Preferably, the electroplating current density adopted by the low-current nickel electroplating is 0.3A/dm2Adjusting the plating current density prevents the problem of lead embrittlement caused by excessive current density.
Preferably, the formulation of the solution for electroplating the strike nickel is: 180-240 g/L of nickel chloride, 80-120 g/L of hydrochloric acid and the balance of water; the formula of the solution for electroplating high phosphorus nickel is as follows: 300g/L of nickel sulfate, 40g/L of boric acid and the balance of water.
The formula of the solution for low-current nickel electroplating is as follows: 180g/L of nickel sulfate 160-180g/L, 30-40g/L of sodium chloride, 35-40g/L of boric acid, 30-35g/L of magnesium sulfate and the balance of water; the pH value of the solution is 3-4, and the electroplating temperature is 45-55 ℃; in order to meet the condition of low-current nickel electroplating, the formula is optimized for low-current nickel electroplating, the concentration of nickel sulfate in the conventional nickel electroplating formula is reduced to 160-180g/L, and the lead is prevented from becoming brittle due to high current and the uniformity of a plating layer is ensured.
The formula of the solution for chemically plating the phosphorus and the nickel comprises the following components: 45ml/L of nickel sulfamate solution, 100ml/L of sodium hydroxide solution and the balance of water.
Preferably, in the annealing treatment in the dehydrogenation treatment process, the annealing treatment is carried out at 470-500 ℃ for 30-40min, and then the annealing treatment is cooled to room temperature.
Preferably, the gold plating solution formulation is: 5-12g/L of gold potassium citrate, 150g/L of potassium citrate 140-; the pH of the gold plating solution is 3.5-5.8, and the plating temperature is 40-50 ℃.
Preferably, in the grinding and polishing treatment, the ceramic-metal shell is ground and polished by using an abrasive material with the particle size of 300-250 μm; the frequency of ultrasonic wave adopted by ultrasonic treatment is 16 KHz; the pickling solution adopted in the pickling treatment is a hydrochloric acid solution with the volume ratio of hydrochloric acid to water being 1: 1.
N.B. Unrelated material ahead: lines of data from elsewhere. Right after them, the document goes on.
definition cartesian :: "('o,'v,'h,'c,'x) dblcat_scheme \<Rightarrow> 'c \<Rightarrow> bool" where
  "cartesian D \<phi> \<longleftrightarrow> \<phi> \<in> Cel D \<and>
    (\<forall>\<psi>\<in>Cel D. \<forall>h\<in>Ver D. \<forall>k\<in>Ver D.
       vcod D h = vdom D (cleft D \<phi>) \<longrightarrow> vcod D k = vdom D (cright D \<phi>) \<longrightarrow>
       ctgt D \<psi> = ctgt D \<phi> \<longrightarrow> cleft D \<psi> = vcmp D (cleft D \<phi>) h \<longrightarrow> cright D \<psi> = vcmp D (cright D \<phi>) k \<longrightarrow>
       (\<exists>!\<chi>. is_cell D \<chi> (csrc D \<psi>) (csrc D \<phi>) h k \<and> cvcmp D \<phi> \<chi> = \<psi>))"

definition opcartesian :: "('o,'v,'h,'c,'x) dblcat_scheme \<Rightarrow> 'c \<Rightarrow> bool" where
  "opcartesian D \<phi> \<longleftrightarrow> \<phi> \<in> Cel D \<and>
    (\<forall>\<psi>\<in>Cel D. \<forall>h\<in>Ver D. \<forall>k\<in>Ver D.
       vdom D h = vcod D (cleft D \<phi>) \<longrightarrow> vdom D k = vcod D (cright D \<phi>) \<longrightarrow>
       csrc D \<psi> = csrc D \<phi> \<longrightarrow> cleft D \<psi> = vcmp D h (cleft D \<phi>) \<longrightarrow> cright D \<psi> = vcmp D k (cright D \<phi>) \<longrightarrow>
       (\<exists>!\<chi>. is_cell D \<chi> (ctgt D \<phi>) (ctgt D \<psi>) h k \<and> cvcmp D \<chi> \<phi> = \<psi>))"

definition companion_cart :: "('o,'v,'h,'c,'x) dblcat_scheme \<Rightarrow> 'v \<Rightarrow> 'h \<Rightarrow> 'c \<Rightarrow> bool" where
  "companion_cart D f K \<chi> \<longleftrightarrow> f \<in> Ver D \<and> K \<in> Hor D \<and>
     is_cell D \<chi> K (hunit D (vcod D f)) f (vid D (vcod D f)) \<and> cartesian D \<chi>"

definition companion_opcart :: "('o,'v,'h,'c,'x) dblcat_scheme \<Rightarrow> 'v \<Rightarrow> 'h \<Rightarrow> 'c \<Rightarrow> bool" where
  "companion_opcart D f K \<eta> \<longleftrightarrow> f \<in> Ver D \<and> K \<in> Hor D \<and>
     is_cell D \<eta> (hunit D (vdom D f)) K (vid D (vdom D f)) f \<and> opcartesian D \<eta>"

text \<open>K is a conjoint g^* = 1_A(id, g) : A -/-> C of g : C -> A, witnessed by a cartesian
  cell K => 1_A with sides id_A, g.\<close>
definition conjoint_cart :: "('o,'v,'h,'c,'x) dblcat_scheme \<Rightarrow> 'v \<Rightarrow> 'h \<Rightarrow> 'c \<Rightarrow> bool" where
  "conjoint_cart D g K \<chi> \<longleftrightarrow> g \<in> Ver D \<and> K \<in> Hor D \<and>
     is_cell D \<chi> K (hunit D (vcod D g)) (vid D (vcod D g)) g \<and> cartesian D \<chi>"

definition equipment :: "('o,'v,'h,'c,'x) dblcat_scheme \<Rightarrow> bool" where
  "equipment D \<longleftrightarrow> double_category D \<and>
     (\<forall>f\<in>Ver D. (\<exists>K \<chi>. companion_cart D f K \<chi>) \<and> (\<exists>K \<chi>. conjoint_cart D f K \<chi>))"

section \<open>The vertical 2-category V(K) and adjunctions in it\<close>

text \<open>A 2-cell h => k (h, k : X -> Y) of V(K) is a cell 1_X => 1_Y with left side h, right side k.\<close>
definition vcell :: "('o,'v,'h,'c,'x) dblcat_scheme \<Rightarrow> 'c \<Rightarrow> 'v \<Rightarrow> 'v \<Rightarrow> bool" where
  "vcell D \<alpha> h k \<longleftrightarrow> is_cell D \<alpha> (hunit D (vdom D h)) (hunit D (vcod D h)) h k"

text \<open>Composition (alpha then beta) of 2-cells in V(K): horizontal composite conjugated by unitors.\<close>
definition v2comp :: "('o,'v,'h,'c,'x) dblcat_scheme \<Rightarrow> 'c \<Rightarrow> 'c \<Rightarrow> 'c" where
  "v2comp D \<beta> \<alpha> = cvcmp D (hlunit D (hunit D (vcod D (cleft D \<alpha>))))
      (cvcmp D (chcmp D \<alpha> \<beta>) (cinv D (hlunit D (hunit D (vdom D (cleft D \<alpha>))))))"

text \<open>f -| g in V(K), for f : A -> C and g : C -> A; whiskering is vertical composition with unit cells.\<close>
definition vadjunction :: "('o,'v,'h,'c,'x) dblcat_scheme \<Rightarrow> 'v \<Rightarrow> 'v \<Rightarrow> bool" where
  "vadjunction D f g \<longleftrightarrow> f \<in> Ver D \<and> g \<in> Ver D \<and> vdom D f = vcod D g \<and> vcod D f = vdom D g \<and>
     (\<exists>\<eta> \<epsilon>. vcell D \<eta> (vid D (vdom D f)) (vcmp D g f) \<and> vcell D \<epsilon> (vcmp D f g) (vid D (vcod D f)) \<and>
        v2comp D (cvcmp D \<epsilon> (cunit D f)) (cvcmp D (cunit D f) \<eta>) = cunit D f \<and>
        v2comp D (cvcmp D (cunit D g) \<epsilon>) (cvcmp D \<eta> (cunit D g)) = cunit D g)"
text \<open>Real exponentiation a^b, defined exactly when it is a well-defined real number
  (conservative reading): positive base with arbitrary real exponent; zero base with
  positive exponent; negative base with integer exponent.\<close>
definition pow_result :: "real \<Rightarrow> real \<Rightarrow> real \<Rightarrow> bool" where
  "pow_result a b c \<longleftrightarrow>
     (a > 0 \<and> c = a powr b) \<or>
     (a = 0 \<and> b > 0 \<and> c = 0) \<or>
     (a < 0 \<and> b \<in> \<int> \<and> c = a powi \<lfloor>b\<rfloor>)"

definition combine :: "real \<Rightarrow> real \<Rightarrow> real set" where
  "combine a b = {a + b, a - b, b - a, a * b}
      \<union> (if b \<noteq> 0 then {a / b} else {}) \<union> (if a \<noteq> 0 then {b / a} else {})
      \<union> {c. pow_result a b c} \<union> {c. pow_result b a c}"

inductive inV :: "real multiset \<Rightarrow> real \<Rightarrow> bool" where
  single: "inV {#x#} x"
| comb: "A \<noteq> {#} \<Longrightarrow> B \<noteq> {#} \<Longrightarrow> inV A a \<Longrightarrow> inV B b \<Longrightarrow> c \<in> combine a b
           \<Longrightarrow> inV (A + B) c"
| factorial: "inV S a \<Longrightarrow> a = real k \<Longrightarrow> inV S (fact k)"

fun digits10 :: "nat \<Rightarrow> nat list" where
  "digits10 n = (if n < 10 then [n] else n mod 10 # digits10 (n div 10))"

definition digit_mset :: "nat \<Rightarrow> real multiset" where
  "digit_mset N = image_mset real (mset (digits10 N))"

definition selfcondensable :: "nat \<Rightarrow> bool" where
  "selfcondensable N \<longleftrightarrow> N > 0 \<and> inV (digit_mset N) (real N)"

end

theory Submission
  imports Defs
begin

text \<open>The last digit of \<open>5^n\<close> is 5 and the remaining digits number roughly \<open>0.7 n\<close>.
  Among any five decimal digits, one or two already evaluate to 1: a digit 0 (as 0!), a
  digit 1, a repeated digit \<open>d/d\<close>, or consecutive digits \<open>(d+1) - d\<close>; otherwise at most
  four digits would fit in \<open>{2..9}\<close> without repetitions or neighbours. Peeling off ones this
  way, the remaining digits evaluate to \<open>n\<close> through its binary expansion
  \<open>n = (n div 2) * (1 + 1) + n mod 2\<close>, which for \<open>n < 2^(k+1)\<close> costs at most \<open>6k + 5\<close>
  digits; \<open>5^n\<close> has that many digits besides the last one as soon as \<open>n \<ge> 53\<close>, and then
  \<open>5^n\<close> is obtained from the final 5 as \<open>5 powr n\<close>.\<close>

lemma inV_nonempty: "inV M v \<Longrightarrow> M \<noteq> {#}"
  by (induction rule: inV.induct) auto

lemma inV_combine: "inV A a \<Longrightarrow> inV B b \<Longrightarrow> c \<in> combine a b \<Longrightarrow> inV (A + B) c"
  using inV.comb inV_nonempty by blast

lemma inV_add: "inV A a \<Longrightarrow> inV B b \<Longrightarrow> inV (A + B) (a + b)"
  by (erule inV_combine) (auto simp: combine_def)

lemma inV_mult: "inV A a \<Longrightarrow> inV B b \<Longrightarrow> inV (A + B) (a * b)"
  by (erule inV_combine) (auto simp: combine_def)

lemma inV_powr: "inV A a \<Longrightarrow> inV B b \<Longrightarrow> a > 0 \<Longrightarrow> inV (A + B) (a powr b)"
  by (erule inV_combine) (auto simp: combine_def pow_result_def)

lemma inV_exists: "M \<noteq> {#} \<Longrightarrow> \<exists>v. inV M v"
proof (induction M)
  case (add x M)
  then show ?case
    using inV.single inV_add[of "{#x#}" x M] by (cases "M = {#}") auto
qed simp

lemma inV_one_add: "inV A 1 \<Longrightarrow> B \<noteq> {#} \<Longrightarrow> inV (A + B) 1"
  using inV_exists[of B] inV_powr[of A 1 B] by auto

lemma inV_zero_one: "inV {#0#} 1"
  using inV.factorial[OF inV.single, of 0 0] by simp

lemma inV_div_self: "x \<noteq> 0 \<Longrightarrow> inV {#x, x#} 1"
  using inV_combine[OF inV.single inV.single, of "x / x" x x]
  by (simp add: combine_def)

lemma inV_diff_succ: "inV {#x, x + 1#} 1"
  using inV_combine[OF inV.single inV.single, of 1 x "x + 1"]
  by (simp add: combine_def add_mset_commute)

section \<open>Five digits contain a representation of 1\<close>

lemma card_le_if_no_consecutive:
  fixes A :: "nat set"
  assumes "A \<subseteq> {2 * a..<2 * b}" and "\<And>x. x \<in> A \<Longrightarrow> Suc x \<notin> A"
  shows "card A \<le> b - a"
proof -
  have "inj_on (\<lambda>x. x div 2) A"
  proof (rule inj_onI)
    fix x y assume "x \<in> A" "y \<in> A" "x div 2 = y div 2"
    then have "x = y \<or> y = Suc x \<or> x = Suc y" by presburger
    then show "x = y" using assms(2) \<open>x \<in> A\<close> \<open>y \<in> A\<close> by blast
  qed
  moreover have "(\<lambda>x. x div 2) ` A \<subseteq> {a..<b}"
  proof
    fix z assume "z \<in> (\<lambda>x. x div 2) ` A"
    then obtain x where "z = x div 2" "2 * a \<le> x" "x < 2 * b"
      using assms(1) by auto
    then show "z \<in> {a..<b}" by auto
  qed
  ultimately have "card A \<le> card {a..<b}"
    by (metis card_image card_mono finite_atLeastLessThan)
  then show ?thesis by simp
qed

lemma size_eq_card_set_mset:
  assumes "\<And>x. count M x \<le> 1"
  shows "size M = card (set_mset M)"
proof -
  have "M = mset_set (set_mset M)"
  proof (rule multiset_eqI)
    fix x
    show "count M x = count (mset_set (set_mset M)) x"
    proof (cases "x \<in># M")
      case True
      then have "0 < count M x" by simp
      then have "count M x = 1" using assms[of x] by linarith
      with True show ?thesis by (simp add: count_mset_set)
    qed (simp add: count_mset_set not_in_iff)
  qed
  then show ?thesis by (metis finite_set_mset size_mset_set)
qed

lemma one_from_five_digits:
  fixes N :: "nat multiset"
  assumes digits: "\<forall>d\<in>#N. d < 10" and five: "5 \<le> size N"
  obtains S where "S \<subseteq># N" "size S \<le> 2" "inV (image_mset real S) 1"
proof (cases "0 \<in># N \<or> 1 \<in># N \<or> (\<exists>d>0. {#d, d#} \<subseteq># N) \<or> (\<exists>d. {#d, Suc d#} \<subseteq># N)")
  case True
  then show ?thesis
  proof (elim disjE exE conjE)
    assume "0 \<in># N"
    then show ?thesis using that[of "{#0#}"] inV_zero_one by simp
  next
    assume "1 \<in># N"
    then show ?thesis using that[of "{#1#}"] inV.single[of 1] by simp
  next
    fix d :: nat assume "d > 0" "{#d, d#} \<subseteq># N"
    then show ?thesis using that[of "{#d, d#}"] inV_div_self[of "real d"] by simp
  next
    fix d assume "{#d, Suc d#} \<subseteq># N"
    then show ?thesis using that[of "{#d, Suc d#}"] inV_diff_succ[of "real d"] by (simp add: add.commute)
  qed
next
  case False
  have "count N x \<le> 1" for x
  proof (rule ccontr)
    assume "\<not> count N x \<le> 1"
    then have "{#x, x#} \<subseteq># N" by (auto simp: subseteq_mset_def)
    moreover have "x \<noteq> 0" using \<open>\<not> count N x \<le> 1\<close> False by (metis count_eq_zero_iff not_le le0)
    ultimately show False using False by blast
  qed
  then have "size N = card (set_mset N)" by (rule size_eq_card_set_mset)
  also have "\<dots> \<le> 5 - 1"
  proof (rule card_le_if_no_consecutive)
    show "set_mset N \<subseteq> {2 * 1..<2 * 5}"
    proof
      fix x assume "x \<in># N"
      moreover have "0 \<notin># N" "1 \<notin># N" using False by simp_all
      ultimately have "x \<noteq> 0" "x \<noteq> 1" by metis+
      then show "x \<in> {2 * 1..<2 * 5}" using digits \<open>x \<in># N\<close> by auto
    qed
    show "Suc x \<notin> set_mset N" if "x \<in> set_mset N" for x
    proof
      assume "Suc x \<in> set_mset N"
      then have "{#x, Suc x#} \<subseteq># N"
        using that by (simp add: insert_subset_eq_iff in_diff_count)
      then show False using False by blast
    qed
  qed
  finally show ?thesis using five by simp
qed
Preferably, the multilayer nickel structure of the ceramic-metal shell obtained by the multilayer nickel plating process of the ceramic-metal shell comprises a ceramic-metal shell, an impact nickel layer, a high-phosphorus nickel layer, a low-current electroplated nickel layer, a medium-phosphorus nickel layer and a gold plating layer which are sequentially connected from bottom to top; the multilayer nickel plating effectively prevents the pinhole from penetrating, and improves the salt spray resistance of the ceramic-metal shell; the ceramic-metal shell is electroplated with impact nickel in a reduction state, so that the binding force between the plating layer and the ceramic-metal shell is enhanced, and the stress between the ceramic-metal shell and the plating layer is reduced; the phosphorus element accounts for 10-12% of the high-phosphorus nickel layer by mass, the phosphorus element accounts for 7-9% of the medium-phosphorus nickel layer by mass, and the high-phosphorus nickel can be diffused among the plating layers, so that the bonding force among the plating layers is further enhanced, and the stress among the plating layers is reduced; the outermost layer is plated with the gold layer, so that the antirust performance is better, and the ceramic-metal shell is effectively protected.
Compared with the prior art, the multilayer nickel plating process of the ceramic-metal shell provided by the invention,
1. the ceramic-metal shell is annealed at 470-500 ℃ for dehydrogenation treatment, so that the hydrogen embrittlement phenomenon that the lead is easily embrittled is effectively prevented.
2. The U-shaped copper wire is arranged in the electroplating bath, so that the current at the bottom of the electroplating bath is transmitted upwards along the U-shaped copper wire, and the problems of uneven plating and fragile lead caused by high local current density in the electroplating bath are solved.
3. The ceramic-metal shell is degreased by adopting a process combining chemical degreasing agent degreasing and ultrasonic cleaning, so that the stress between a plating layer and a base material, which is generated by incomplete plating pretreatment, is effectively reduced.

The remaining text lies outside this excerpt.